Required action: Stop after the line that contains "cofinal_family bd D"; until then, restate each line of the entries word for word from the very first.

Stored items:
lemma linear_base_if_small_unions_bounded:
  assumes bd_Un: "\<And>S T. bd S \<Longrightarrow> bd T \<Longrightarrow> bd (S \<union> T)"
    and small: "\<And>FF. \<forall>F\<in>FF. bd F \<Longrightarrow> (\<And>f. \<not> cofinal_family bd (f ` FF)) \<Longrightarrow> bd (\<Union>FF)"
  shows "\<exists>L. (\<forall>A\<in>L. bd A) \<and> (\<forall>A\<in>L. \<forall>B\<in>L. A \<subseteq> B \<or> B \<subseteq> A) \<and>
           (\<forall>S. bd S \<longrightarrow> (\<exists>A\<in>L. S \<subseteq> A))"
proof -
  have "cofinal_family bd (Collect bd)" unfolding cofinal_family_def by blast
  then obtain C where C: "cofinal_family bd C"
    and min: "\<forall>D. cofinal_family bd D \<longrightarrow> card_of C \<le>o card_of D"
    using exists_min_card_cofinal_family by blast
  define r where "r = card_of C"
  have co: "Card_order r" and fr: "Field r = C"
    unfolding r_def by (rule card_of_Card_order, rule Field_card_of)
  then have "Linear_order r" unfolding card_order_on_def well_order_on_def by simp
  then have refl: "Refl r" and tr: "trans r" and tot: "Total r"
    unfolding linear_order_on_def partial_order_on_def preorder_on_def by auto
  have under: "under r c = underS r c \<union> {c}" if "c \<in> C" for c
  proof -
    have "(c, c) \<in> r" using refl that fr by (simp add: refl_on_def)
    then show ?thesis unfolding under_def underS_def by auto
  qed
  define L where "L = (\<lambda>c. \<Union>(under r c)) ` C"
  have bounded_L: "bd (\<Union>(under r c))" if c: "c \<in> C" for c
  proof -
    have "underS r c \<subseteq> C" using fr unfolding underS_def Field_def by auto
    then have "\<forall>F\<in>underS r c. bd F" using C unfolding cofinal_family_def by blast
    moreover have "card_of (underS r c) <o card_of C" using card_of_underS[OF co] c fr r_def by simp
    ultimately have "bd (\<Union>(underS r c))"
      by (rule small[OF _ small_subfamily_image_not_cofinal[OF min]])
    moreover have "bd c" using C c unfolding cofinal_family_def by blast
    ultimately show ?thesis using under[OF c] bd_Un by auto
  qed
  have mono: "under r c \<subseteq> under r d" if "(c, d) \<in> r" for c d
    using tr that unfolding under_def trans_def by blast
  show ?thesis
  proof (intro exI[of _ L] conjI ballI allI impI)
    show "bd A" if "A \<in> L" for A using that bounded_L unfolding L_def by auto
  next
    fix A B assume "A \<in> L" "B \<in> L"
    then obtain c d where cd: "c \<in> C" "d \<in> C" "A = \<Union>(under r c)" "B = \<Union>(under r d)"
      unfolding L_def by auto
    then have "c = d \<or> (c, d) \<in> r \<or> (d, c) \<in> r" using tot fr unfolding total_on_def by metis
    then show "A \<subseteq> B \<or> B \<subseteq> A" using mono cd by blast
  next
    fix S assume "bd S"
    then obtain c where "c \<in> C" "S \<subseteq> c" using C unfolding cofinal_family_def by blast
    moreover have "c \<in> under r c" using under[OF \<open>c \<in> C\<close>] by simp
    ultimately show "\<exists>A\<in>L. S \<subseteq> A" unfolding L_def by blast
  qed
qed

locale dichotomous_bornology =
  fixes bd :: "'a set \<Rightarrow> bool" and G :: "'a rel" and W B :: "'a set"
    and \<alpha> \<beta> :: "'a set \<Rightarrow> 'a set"
  assumes bd_subset: "T \<subseteq> S \<Longrightarrow> bd S \<Longrightarrow> bd T"
    and bd_Un: "bd S \<Longrightarrow> bd T \<Longrightarrow> bd (S \<union> T)"
    and bd_singleton: "x \<in> W \<union> B \<Longrightarrow> bd {x}"
    and bd_Image: "bd S \<Longrightarrow> bd (G `` S)"
    and unbounded_W: "\<not> bd W" and unbounded_B: "\<not> bd B"
    and cover: "bd S \<Longrightarrow> S \<subseteq> (S \<inter> W) \<union> G `` (G `` S \<inter> B)"
    and bd_\<alpha>: "bd C \<Longrightarrow> bd (\<alpha> C)"
    and bd_\<beta>: "bd C \<Longrightarrow> bd (\<beta> C)"
    and dichotomy: "bd C \<Longrightarrow> C \<subseteq> B \<Longrightarrow> bd D \<Longrightarrow> D \<subseteq> W \<Longrightarrow> D \<subseteq> \<alpha> C \<or> C \<subseteq> \<beta> D"
begin

lemma bd_Int: "bd S \<Longrightarrow> bd (S \<inter> T)"
  using bd_subset by blast

lemma exists_outside_bounded:
  assumes "bd T"
  shows "\<exists>w\<in>W. w \<notin> T" and "\<exists>b\<in>B. b \<notin> T"
  using assms bd_subset unbounded_W unbounded_B by blast+

lemma exists_B_part_escaping:
  assumes FF: "\<forall>F\<in>FF. bd F" and small: "\<And>f. \<not> cofinal_family bd (f ` FF)"
  shows "\<exists>C. bd C \<and> C \<subseteq> B \<and> (\<forall>F\<in>FF. \<not> C \<subseteq> \<beta> (F \<inter> W))"
proof (rule ccontr)
  assume contra: "\<not> ?thesis"
  define g where "g F = \<alpha> (\<beta> (F \<inter> W) \<inter> B) \<union> G `` (\<beta> (F \<inter> W) \<inter> B)" for F
  have "cofinal_family bd (g ` FF)"
    unfolding cofinal_family_def
  proof (intro conjI ballI allI impI)
    show "bd A" if "A \<in> g ` FF" for A
      using that FF by (auto simp: g_def intro!: bd_Un bd_\<alpha> bd_Image bd_Int bd_\<beta>)
  next
    fix S assume S: "bd S"
    obtain b where b: "b \<in> B" "b \<notin> \<beta> (S \<inter> W)"
      using exists_outside_bounded(2)[OF bd_\<beta>[OF bd_Int[OF S]]] by blast
    have "bd ((G `` S \<inter> B) \<union> {b})" using S b(1) by (intro bd_Un bd_Int bd_Image bd_singleton) auto
    moreover have "(G `` S \<inter> B) \<union> {b} \<subseteq> B" using b(1) by blast
    ultimately obtain F where F: "F \<in> FF" "(G `` S \<inter> B) \<union> {b} \<subseteq> \<beta> (F \<inter> W)"
      using contra by blast
    let ?C = "\<beta> (F \<inter> W) \<inter> B"
    have "S \<inter> W \<subseteq> \<alpha> ?C \<or> ?C \<subseteq> \<beta> (S \<inter> W)"
      using F(1) FF S by (intro dichotomy bd_Int bd_\<beta>) auto
    then have "S \<inter> W \<subseteq> \<alpha> ?C" using F(2) b by blast
    then have "S \<subseteq> g F" using cover[OF S] F(2) unfolding g_def by blast
    then show "\<exists>A\<in>g ` FF. S \<subseteq> A" using F(1) by blast
  qed
  then show False using small by blast
qed

lemma exists_W_part_escaping:
  assumes FF: "\<forall>F\<in>FF. bd F" and small: "\<And>f. \<not> cofinal_family bd (f ` FF)"
  shows "\<exists>C. bd C \<and> C \<subseteq> W \<and> (\<forall>F\<in>FF. \<not> C \<subseteq> \<alpha> (G `` F \<inter> B))"
proof (rule ccontr)
  assume contra: "\<not> ?thesis"
  define g where "g F = (\<alpha> (G `` F \<inter> B) \<inter> W) \<union> G `` \<beta> (\<alpha> (G `` F \<inter> B) \<inter> W)" for F
  have "cofinal_family bd (g ` FF)"
    unfolding cofinal_family_def
  proof (intro conjI ballI allI impI)
    show "bd A" if "A \<in> g ` FF" for A
      using that FF by (auto simp: g_def intro!: bd_Un bd_\<alpha> bd_Image bd_Int bd_\<beta>)
  next
    fix S assume S: "bd S"
    obtain w where w: "w \<in> W" "w \<notin> \<alpha> (G `` S \<inter> B)"
      using exists_outside_bounded(1)[OF bd_\<alpha>[OF bd_Int[OF bd_Image[OF S]]]] by blast
    have "bd ((S \<inter> W) \<union> {w})" using S w(1) by (intro bd_Un bd_Int bd_singleton) auto
    moreover have "(S \<inter> W) \<union> {w} \<subseteq> W" using w(1) by blast
    ultimately obtain F where F: "F \<in> FF" "(S \<inter> W) \<union> {w} \<subseteq> \<alpha> (G `` F \<inter> B)"
      using contra by blast
    let ?C = "\<alpha> (G `` F \<inter> B) \<inter> W"
    have "?C \<subseteq> \<alpha> (G `` S \<inter> B) \<or> G `` S \<inter> B \<subseteq> \<beta> ?C"
      using F(1) FF S by (intro dichotomy bd_Int bd_\<alpha> bd_Image) auto
    then have "G `` S \<inter> B \<subseteq> \<beta> ?C" using F(2) w by blast
    then have "S \<subseteq> g F" using cover[OF S] F(2) unfolding g_def by blast
    then show "\<exists>A\<in>g ` FF. S \<subseteq> A" using F(1) by blast
  qed
  then show False using small by blast
qed

lemma small_union_bounded:
  assumes FF: "\<forall>F\<in>FF. bd F" and small: "\<And>f. \<not> cofinal_family bd (f ` FF)"
  shows "bd (\<Union>FF)"
proof -
  obtain C1 where C1: "bd C1" "C1 \<subseteq> B" "\<forall>F\<in>FF. \<not> C1 \<subseteq> \<beta> (F \<inter> W)"
    using exists_B_part_escaping[OF FF small] by blast
  obtain C2 where C2: "bd C2" "C2 \<subseteq> W" "\<forall>F\<in>FF. \<not> C2 \<subseteq> \<alpha> (G `` F \<inter> B)"
    using exists_W_part_escaping[OF FF small] by blast
  have "F \<subseteq> \<alpha> C1 \<union> G `` \<beta> C2" if F: "F \<in> FF" for F
  proof -
    have "F \<inter> W \<subseteq> \<alpha> C1"
      using dichotomy[OF C1(1,2) bd_Int[of F W]] C1(3) F FF by blast
    moreover have "G `` F \<inter> B \<subseteq> \<beta> C2"
      using dichotomy[OF bd_Int[OF bd_Image] _ C2(1,2), of F B] C2(3) F FF by blast
    ultimately show ?thesis using cover[of F] F FF by blast
  qed
  then have "\<Union>FF \<subseteq> \<alpha> C1 \<union> G `` \<beta> C2" by blast
  moreover have "bd (\<alpha> C1 \<union> G `` \<beta> C2)" using C1(1) C2(1) by (intro bd_Un bd_\<alpha> bd_Image bd_\<beta>)
  ultimately show ?thesis by (rule bd_subset)
qed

Output of the task:
lemma linear_base_if_small_unions_bounded:
  assumes bd_Un: "\<And>S T. bd S \<Longrightarrow> bd T \<Longrightarrow> bd (S \<union> T)"
    and small: "\<And>FF. \<forall>F\<in>FF. bd F \<Longrightarrow> (\<And>f. \<not> cofinal_family bd (f ` FF)) \<Longrightarrow> bd (\<Union>FF)"
  shows "\<exists>L. (\<forall>A\<in>L. bd A) \<and> (\<forall>A\<in>L. \<forall>B\<in>L. A \<subseteq> B \<or> B \<subseteq> A) \<and>
           (\<forall>S. bd S \<longrightarrow> (\<exists>A\<in>L. S \<subseteq> A))"
proof -
  have "cofinal_family bd (Collect bd)" unfolding cofinal_family_def by blast
  then obtain C where C: "cofinal_family bd C"
    and min: "\<forall>D. cofinal_family bd D \<longrightarrow> card_of C \<le>o card_of D"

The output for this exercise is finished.